• [Problem to solve]
Go over each line of the entries below, count those with "forall", and give only the count.

• [Supplied records]

▬▬▬▬▬▬▬▬▬▬

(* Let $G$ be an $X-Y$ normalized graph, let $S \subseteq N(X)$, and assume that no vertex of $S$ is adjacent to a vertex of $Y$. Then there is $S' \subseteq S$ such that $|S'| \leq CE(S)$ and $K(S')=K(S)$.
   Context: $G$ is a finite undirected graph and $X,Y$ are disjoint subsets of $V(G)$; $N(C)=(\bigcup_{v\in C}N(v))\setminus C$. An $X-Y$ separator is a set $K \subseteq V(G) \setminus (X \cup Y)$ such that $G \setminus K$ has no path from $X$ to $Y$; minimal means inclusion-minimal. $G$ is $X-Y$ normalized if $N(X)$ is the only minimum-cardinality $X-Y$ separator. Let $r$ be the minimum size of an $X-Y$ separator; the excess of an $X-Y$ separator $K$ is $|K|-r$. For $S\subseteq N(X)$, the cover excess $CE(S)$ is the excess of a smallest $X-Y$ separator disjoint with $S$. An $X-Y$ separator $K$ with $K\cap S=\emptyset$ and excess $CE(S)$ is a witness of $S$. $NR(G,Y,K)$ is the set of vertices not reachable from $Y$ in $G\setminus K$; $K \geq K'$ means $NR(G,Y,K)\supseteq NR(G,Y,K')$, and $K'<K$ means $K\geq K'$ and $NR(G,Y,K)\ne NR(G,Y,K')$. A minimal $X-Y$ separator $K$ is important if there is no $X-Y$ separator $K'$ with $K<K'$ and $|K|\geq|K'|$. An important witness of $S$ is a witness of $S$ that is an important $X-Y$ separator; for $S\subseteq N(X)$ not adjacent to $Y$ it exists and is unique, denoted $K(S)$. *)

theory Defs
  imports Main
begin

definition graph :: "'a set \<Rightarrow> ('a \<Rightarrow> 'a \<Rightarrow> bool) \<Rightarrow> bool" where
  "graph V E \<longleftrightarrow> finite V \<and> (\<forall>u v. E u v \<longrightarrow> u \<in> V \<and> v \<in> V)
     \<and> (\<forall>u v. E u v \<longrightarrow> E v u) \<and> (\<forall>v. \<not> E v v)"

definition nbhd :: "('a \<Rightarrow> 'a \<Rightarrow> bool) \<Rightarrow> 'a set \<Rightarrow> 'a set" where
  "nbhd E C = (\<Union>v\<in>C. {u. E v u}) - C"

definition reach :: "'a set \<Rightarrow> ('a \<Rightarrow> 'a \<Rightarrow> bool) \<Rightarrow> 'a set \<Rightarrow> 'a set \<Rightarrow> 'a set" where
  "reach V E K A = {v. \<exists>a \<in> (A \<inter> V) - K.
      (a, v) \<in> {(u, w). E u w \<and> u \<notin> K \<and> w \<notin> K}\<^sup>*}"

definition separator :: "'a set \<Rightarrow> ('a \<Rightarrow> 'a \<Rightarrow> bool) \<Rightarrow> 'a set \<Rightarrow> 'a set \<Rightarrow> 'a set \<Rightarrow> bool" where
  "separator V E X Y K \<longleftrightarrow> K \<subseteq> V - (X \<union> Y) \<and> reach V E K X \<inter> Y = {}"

▬▬▬▬▬▬▬▬▬▬

• [Task result]
2